**Work instruction**. Return every line from the records below that has the word "fixes".

*** Opening of Input records ***

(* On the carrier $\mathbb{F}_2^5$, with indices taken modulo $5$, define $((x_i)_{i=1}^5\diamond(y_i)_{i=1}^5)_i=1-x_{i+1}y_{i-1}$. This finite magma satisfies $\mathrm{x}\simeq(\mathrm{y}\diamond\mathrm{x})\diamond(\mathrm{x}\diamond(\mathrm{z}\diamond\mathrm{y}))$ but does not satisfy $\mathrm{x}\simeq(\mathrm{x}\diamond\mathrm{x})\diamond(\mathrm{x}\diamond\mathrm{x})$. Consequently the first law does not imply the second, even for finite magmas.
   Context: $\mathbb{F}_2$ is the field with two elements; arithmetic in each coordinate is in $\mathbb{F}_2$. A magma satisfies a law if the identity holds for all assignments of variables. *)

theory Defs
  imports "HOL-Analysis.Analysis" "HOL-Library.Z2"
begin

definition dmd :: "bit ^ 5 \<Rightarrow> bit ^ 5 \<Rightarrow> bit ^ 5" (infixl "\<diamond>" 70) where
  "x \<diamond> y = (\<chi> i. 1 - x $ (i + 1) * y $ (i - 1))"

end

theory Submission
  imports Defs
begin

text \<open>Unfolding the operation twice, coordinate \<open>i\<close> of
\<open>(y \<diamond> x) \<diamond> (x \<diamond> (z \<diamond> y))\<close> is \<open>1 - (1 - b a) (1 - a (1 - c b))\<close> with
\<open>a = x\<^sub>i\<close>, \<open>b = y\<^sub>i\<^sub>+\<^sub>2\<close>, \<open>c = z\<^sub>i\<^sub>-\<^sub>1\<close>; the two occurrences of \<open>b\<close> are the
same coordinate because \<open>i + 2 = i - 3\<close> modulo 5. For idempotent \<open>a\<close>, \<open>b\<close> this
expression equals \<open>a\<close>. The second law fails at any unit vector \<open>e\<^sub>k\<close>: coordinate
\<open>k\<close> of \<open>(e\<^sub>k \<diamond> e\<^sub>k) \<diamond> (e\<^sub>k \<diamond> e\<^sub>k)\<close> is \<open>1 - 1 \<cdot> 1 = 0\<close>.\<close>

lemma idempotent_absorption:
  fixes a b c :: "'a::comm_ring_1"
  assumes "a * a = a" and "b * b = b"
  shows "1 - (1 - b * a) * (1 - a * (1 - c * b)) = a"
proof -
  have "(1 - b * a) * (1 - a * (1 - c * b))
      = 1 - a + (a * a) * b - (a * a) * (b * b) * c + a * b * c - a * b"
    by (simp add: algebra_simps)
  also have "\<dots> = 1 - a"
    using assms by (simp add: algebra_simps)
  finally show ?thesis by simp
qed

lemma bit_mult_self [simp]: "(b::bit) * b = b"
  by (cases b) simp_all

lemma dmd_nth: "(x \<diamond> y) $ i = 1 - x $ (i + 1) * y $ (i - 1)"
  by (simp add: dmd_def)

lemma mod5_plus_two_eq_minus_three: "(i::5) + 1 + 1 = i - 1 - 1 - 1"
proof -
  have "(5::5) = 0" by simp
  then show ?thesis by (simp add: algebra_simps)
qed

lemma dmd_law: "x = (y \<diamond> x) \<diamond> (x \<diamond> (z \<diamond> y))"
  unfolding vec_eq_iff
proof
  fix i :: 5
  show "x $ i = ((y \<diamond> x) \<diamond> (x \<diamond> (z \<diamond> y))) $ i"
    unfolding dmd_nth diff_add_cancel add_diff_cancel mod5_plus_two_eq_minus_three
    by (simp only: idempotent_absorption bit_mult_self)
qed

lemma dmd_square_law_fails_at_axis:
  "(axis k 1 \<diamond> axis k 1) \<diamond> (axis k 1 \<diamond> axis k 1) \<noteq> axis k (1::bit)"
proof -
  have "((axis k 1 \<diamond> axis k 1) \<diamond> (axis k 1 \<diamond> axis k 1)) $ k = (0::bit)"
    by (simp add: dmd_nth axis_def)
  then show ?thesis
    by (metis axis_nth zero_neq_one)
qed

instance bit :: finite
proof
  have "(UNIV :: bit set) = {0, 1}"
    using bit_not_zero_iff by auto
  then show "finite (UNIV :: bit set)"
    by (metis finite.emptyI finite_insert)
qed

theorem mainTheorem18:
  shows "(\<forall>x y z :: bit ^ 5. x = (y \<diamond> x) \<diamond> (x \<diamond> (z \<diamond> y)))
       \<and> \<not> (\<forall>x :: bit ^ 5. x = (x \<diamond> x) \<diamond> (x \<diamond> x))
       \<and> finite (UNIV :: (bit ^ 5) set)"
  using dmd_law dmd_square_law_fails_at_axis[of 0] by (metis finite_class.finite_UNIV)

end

*** Close of Input records ***
*** Opening of Input records ***

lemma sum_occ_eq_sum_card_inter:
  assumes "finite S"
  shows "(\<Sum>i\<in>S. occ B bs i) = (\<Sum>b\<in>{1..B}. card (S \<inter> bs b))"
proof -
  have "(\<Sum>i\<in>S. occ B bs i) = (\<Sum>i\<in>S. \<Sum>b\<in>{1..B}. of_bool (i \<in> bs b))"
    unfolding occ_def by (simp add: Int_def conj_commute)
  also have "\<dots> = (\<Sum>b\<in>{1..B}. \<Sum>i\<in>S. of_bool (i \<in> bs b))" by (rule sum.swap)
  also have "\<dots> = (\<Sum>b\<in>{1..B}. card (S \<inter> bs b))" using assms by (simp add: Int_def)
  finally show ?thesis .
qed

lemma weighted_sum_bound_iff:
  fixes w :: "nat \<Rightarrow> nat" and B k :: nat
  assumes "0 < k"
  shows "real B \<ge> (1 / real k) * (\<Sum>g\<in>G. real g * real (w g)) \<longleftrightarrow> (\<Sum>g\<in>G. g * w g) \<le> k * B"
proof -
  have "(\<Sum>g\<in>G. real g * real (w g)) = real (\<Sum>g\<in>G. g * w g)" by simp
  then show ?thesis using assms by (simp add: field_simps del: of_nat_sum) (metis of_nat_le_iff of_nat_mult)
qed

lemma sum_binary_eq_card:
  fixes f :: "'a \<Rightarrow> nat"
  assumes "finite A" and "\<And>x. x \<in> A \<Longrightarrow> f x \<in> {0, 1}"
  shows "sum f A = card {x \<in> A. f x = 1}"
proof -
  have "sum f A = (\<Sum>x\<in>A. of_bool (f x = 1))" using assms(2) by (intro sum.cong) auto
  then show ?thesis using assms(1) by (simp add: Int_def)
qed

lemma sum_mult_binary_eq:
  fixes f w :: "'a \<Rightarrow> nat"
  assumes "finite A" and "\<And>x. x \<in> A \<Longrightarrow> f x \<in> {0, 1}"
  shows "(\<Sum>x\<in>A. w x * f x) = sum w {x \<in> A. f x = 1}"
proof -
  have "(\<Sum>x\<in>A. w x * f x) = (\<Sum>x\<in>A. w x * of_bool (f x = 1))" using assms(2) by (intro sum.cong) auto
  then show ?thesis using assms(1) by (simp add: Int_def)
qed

*** Close of Input records ***

**Solved exercise**.
  fixes a b c :: "'a::comm_ring_1"
  fixes w :: "nat \<Rightarrow> nat" and B k :: nat
  fixes f :: "'a \<Rightarrow> nat"
  fixes f w :: "'a \<Rightarrow> nat"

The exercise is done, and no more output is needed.